- The Washington Times - Monday, August 31, 2009

No sooner had state lawmakers around the country gone home after spending months plugging ever-widening budget gaps for fiscal 2010 than signs of new trouble began to emerge.

After finally closing the books on budgets that began July 1, many legislatures must now call members back to square spending with revenues that can’t seem to keep up.

“The unprecedented state fiscal problems brought on by the worst decline in tax receipts in decades show no sign of letting up,” said Elizabeth McNichol, a senior fellow at the Center on Budget and Policy Priorities (CBPP), a liberal-leaning think tank.

“The current recession is more severe — deeper and longer — than the last one, and state fiscal problems have proven to be worse and are likely to remain so,” she said.

Gov. Tim Kaine, Virginia Democrat, recently reported a $1.5 billion revenue shortfall, which he said will have to be bridged by budget cuts and possible layoffs of state employees in fiscal 2010. “I can’t say anything is off the table,” Mr. Kaine said Aug. 19 after addressing legislative leaders on the state’s financial situation.

Maryland Gov. Martin O’Malley outlined $454 million in budget cuts on Tuesday to erase a deficit in the budget year that began July 1. The cuts would include laying off more than 200 state workers, imposing furloughs on other state employees, reducing state aid to local governments by $211 million and cutting higher-education spending by $36 million.

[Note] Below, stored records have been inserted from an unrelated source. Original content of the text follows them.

(* Let $G$ be the infinite triangular grid. The code $C=\{v(i,j)\mid i\equiv 0 \pmod 2,\ j\equiv 0\pmod 2\}$ is self-locating-dominating in $G$, and therefore also solid-locating-dominating. The density of $C$ equals $1/4$, and there exists no self-locating-dominating code and no solid-locating-dominating code in $G$ with density smaller than $1/4$.
   Context: The infinite triangular grid $G=(V,E)$ has vertex set $V=\{v(i,j)\mid i,j\in\mathbb{Z}\}$ where $v(i,j)=i(1,0)+j(\tfrac12,\tfrac{\sqrt3}{2})\in\mathbb{R}^2$, and two vertices are adjacent iff their Euclidean distance is $1$. Let $V_n=\{v(i,j)\mid |i|,|j|\le n\}$; the density of a code $C\subseteq V$ is $D(C)=\limsup_{n\to\infty}|C\cap V_n|/|V_n|$. $N[v]$ is the closed neighbourhood of $v$, and for a code (nonempty subset) $C$, $I(C;v)=N[v]\cap C$. A code $C$ is self-locating-dominating if for every $u\in V\setminus C$, $I(C;u)\ne\emptyset$ and $\bigcap_{c\in I(C;u)}N[c]=\{u\}$. A code $C$ is solid-locating-dominating if for all distinct $u,v\in V\setminus C$, $I(C;u)\setminus I(C;v)\neq\emptyset$. *)

theory Defs
  imports Complex_Main "HOL-Library.Extended_Real" "HOL-Library.Liminf_Limsup"
begin

text \<open>Vertices of the infinite triangular grid are indexed by pairs (i,j) of integers;
  the vertex v(i,j) is the point i(1,0) + j(1/2, sqrt 3/2) of the plane (here as a complex number).
  The map v is injective, so we identify V with int x int.\<close>

type_synonym vtx = "int \<times> int"

definition tgpos :: "vtx \<Rightarrow> complex" where
  "tgpos p = of_int (fst p) + of_int (snd p) * Complex (1/2) (sqrt 3 / 2)"

definition tg_adj :: "vtx \<Rightarrow> vtx \<Rightarrow> bool" where
  "tg_adj p q \<longleftrightarrow> dist (tgpos p) (tgpos q) = 1"

definition cnbh :: "vtx \<Rightarrow> vtx set" where
  "cnbh v = {u. u = v \<or> tg_adj u v}"

definition Iset :: "vtx set \<Rightarrow> vtx \<Rightarrow> vtx set" where
  "Iset C v = cnbh v \<inter> C"

definition Vbox :: "nat \<Rightarrow> vtx set" where
  "Vbox n = {(i, j). \<bar>i\<bar> \<le> int n \<and> \<bar>j\<bar> \<le> int n}"

definition density :: "vtx set \<Rightarrow> ereal" where
  "density C = limsup (\<lambda>n. ereal (real (card (C \<inter> Vbox n)) / real (card (Vbox n))))"

definition self_locating_dominating :: "vtx set \<Rightarrow> bool" where
  "self_locating_dominating C \<longleftrightarrow> C \<noteq> {} \<and>
     (\<forall>u. u \<notin> C \<longrightarrow> Iset C u \<noteq> {} \<and> (\<Inter>c\<in>Iset C u. cnbh c) = {u})"

definition solid_locating_dominating :: "vtx set \<Rightarrow> bool" where
  "solid_locating_dominating C \<longleftrightarrow> C \<noteq> {} \<and>
     (\<forall>u v. u \<notin> C \<longrightarrow> v \<notin> C \<longrightarrow> u \<noteq> v \<longrightarrow> Iset C u - Iset C v \<noteq> {})"

end

theory Submission
  imports Defs "HOL-Real_Asymp.Real_Asymp"
begin

text \<open>Discharging argument for the lower bound. Every vertex u with I(C;u) nonempty sends the
  charge 1/|I(C;u)| to each codeword of I(C;u), so it sends out exactly 1. If C is
  solid-locating-dominating, at most one vertex is undominated, and a codeword c collects at most
  1 + 6/2 = 4: all vertices of N[c] send it at most 1, and all but one of them at most 1/2, since
  two distinct vertices of N[c] with I(C;u) = {c} contradict solidity. Hence
  |V_n| - 1 <= 4 |C \<inter> V_(n+1)|, which gives density at least 1/4. The code of even
  coordinates meets the box in about a quarter of the vertices, and every non-codeword is the
  midpoint of two codewords whose closed neighbourhoods meet only in it.\<close>

section \<open>Neighbourhoods in the triangular grid\<close>

lemma tg_adj_iff: "tg_adj (a, b) (c, d) \<longleftrightarrow> (a - c)^2 + (a - c) * (b - d) + (b - d)^2 = 1"
proof -
  have diff: "tgpos (a, b) - tgpos (c, d) =
      Complex (real_of_int (a - c) + real_of_int (b - d) / 2) (real_of_int (b - d) * sqrt 3 / 2)"
    by (simp add: tgpos_def complex_eq_iff field_simps)
  have "(x + y / 2)^2 + (y * sqrt 3 / 2)^2 = x^2 + x * y + y^2" for x y :: real
    by (simp add: power2_eq_square field_simps)
  then have "dist (tgpos (a, b)) (tgpos (c, d)) =
      sqrt (real_of_int ((a - c)^2 + (a - c) * (b - d) + (b - d)^2))"
    by (simp add: dist_norm diff cmod_def)
  then show ?thesis
    unfolding tg_adj_def by (metis of_int_eq_1_iff real_sqrt_eq_1_iff)
qed

lemma eisenstein_norm_eq_1_iff:
  "(x::int)^2 + x * y + y^2 = 1 \<longleftrightarrow> (x, y) \<in> {(1, 0), (-1, 0), (0, 1), (0, -1), (1, -1), (-1, 1)}"
proof
  assume norm: "x^2 + x * y + y^2 = 1"
  have "(2 * x + y)^2 + 3 * y^2 = 4" "(2 * y + x)^2 + 3 * x^2 = 4"
    using norm by (simp_all add: power2_eq_square algebra_simps)
  then have "y^2 \<le> 1" "x^2 \<le> 1"
    by (smt (verit) zero_le_power2)+
  then have "x \<in> {-1, 0, 1}" "y \<in> {-1, 0, 1}"
    by (auto simp: abs_square_le_1)
  then show "(x, y) \<in> {(1, 0), (-1, 0), (0, 1), (0, -1), (1, -1), (-1, 1)}"
    using norm by auto
qed auto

Fiscal 2010 and 2011 look especially bleak because state revenue streams, which were terrible last year, are now collapsing at unprecedented rates. Even if the national economy begins growing during the second half of this year, most economists expect today’s unemployment rate of 9.4 percent to approach or exceed 10 percent and remain near that level for most of 2010. That will raise demand for state-provided social services, such as Medicaid, and reduce revenues from sales and income taxes.

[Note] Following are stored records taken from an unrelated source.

lemma Delta_nonpos_if_all_le_phi_plus:
  assumes "u \<in> actions N C" "\<forall>(n, m)\<in>idx N C. \<not> empties_queue u n m"
    and "\<forall>(n, m)\<in>idx N C. ereal (real (Q (n, m))) \<le> phi_plus N M C Cap arr pw w V u n m Q"
  shows "\<forall>v\<in>actions N C. D u v Q \<le> 0"
proof (cases "idx N C = {}")
  case True
  then show ?thesis
    using assms(1) by (simp add: actions_eq_if_idx_empty Delta_def)
next
  case False
  then obtain n m where "(n, m) \<in> idx N C" by auto
  with assms(2,3) show ?thesis
    by (blast intro: Delta_nonpos_if_le_phi_plus)
qed

lemma Delta_nonpos_if_phi_minus_le:
  assumes "(n, m) \<in> idx N C" and "empties_queue u n m" "phi_minus N M C Cap arr pw w V u n m Q \<le> ereal (real (Q (n, m)))"
    and "v \<in> actions N C"
  shows "D u v Q \<le> 0"
proof (cases "v = u")
  case False
  let ?S = "Phi N M C Cap arr pw w V u n m Q"
  have "?S \<noteq> {}" and Min_le: "Min ?S \<le> Q (n, m)"
    using assms(3) unfolding phi_minus_def Let_def by (auto split: if_splits)
  then have "Min ?S \<in> ?S"
    by (intro Min_in) (simp_all add: Phi_def)
  have "D u v (Q((n, m) := Q (n, m))) \<le> D u v (Q((n, m) := Min ?S))"
    using Delta_antimono_if_empties_queue[OF assms(1,2) Min_le] .
  also have "\<dots> \<le> 0"
    using \<open>Min ?S \<in> ?S\<close> assms(4) False unfolding Phi_def by auto
  finally show ?thesis by simp
qed (simp add: Delta_def)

According to the National Conference on State Legislatures, states had to eliminate nearly $75 billion in deficits during fiscal 2009 while simultaneously confronting almost $150 billion in additional deficits projected for fiscal 2010. Unlike the federal government, nearly all states must balance their budgets on a yearly basis.

For fiscal 2010, 48 states faced budget shortfalls that totaled $165 billion, or 24 percent of projected spending, estimates the CBPP. Only North Dakota and Montana escaped the task of eliminating deficits.

Most states addressed these shortfalls through a combination of budget cuts, tax increases, rainy-day fund drawdowns and proceeds from the federal government’s $787 billion economic stimulus package.

By all accounts, California was the big loser, forced to close a $26 billion deficit for fiscal 2010. After raising its sales tax and personal income tax earlier this year, California cut 2010 spending in July by $15 billion and borrowed billions more from local governments.

“It’s not an easy budget. It’s a tough budget. But it’s a necessary budget,” Gov. Arnold Schwarzenegger said.

Forced to issue IOUs earlier this year, California held a garage sale last weekend, hoping to sell nearly 600 state-owned vehicles and thousands of pieces of office furniture. Other state clutter being sold on eBay and Craigslist included prison uniforms, jewelry, pianos and an Xbox 360 game system. The state expected to raise hundreds of thousands of dollars.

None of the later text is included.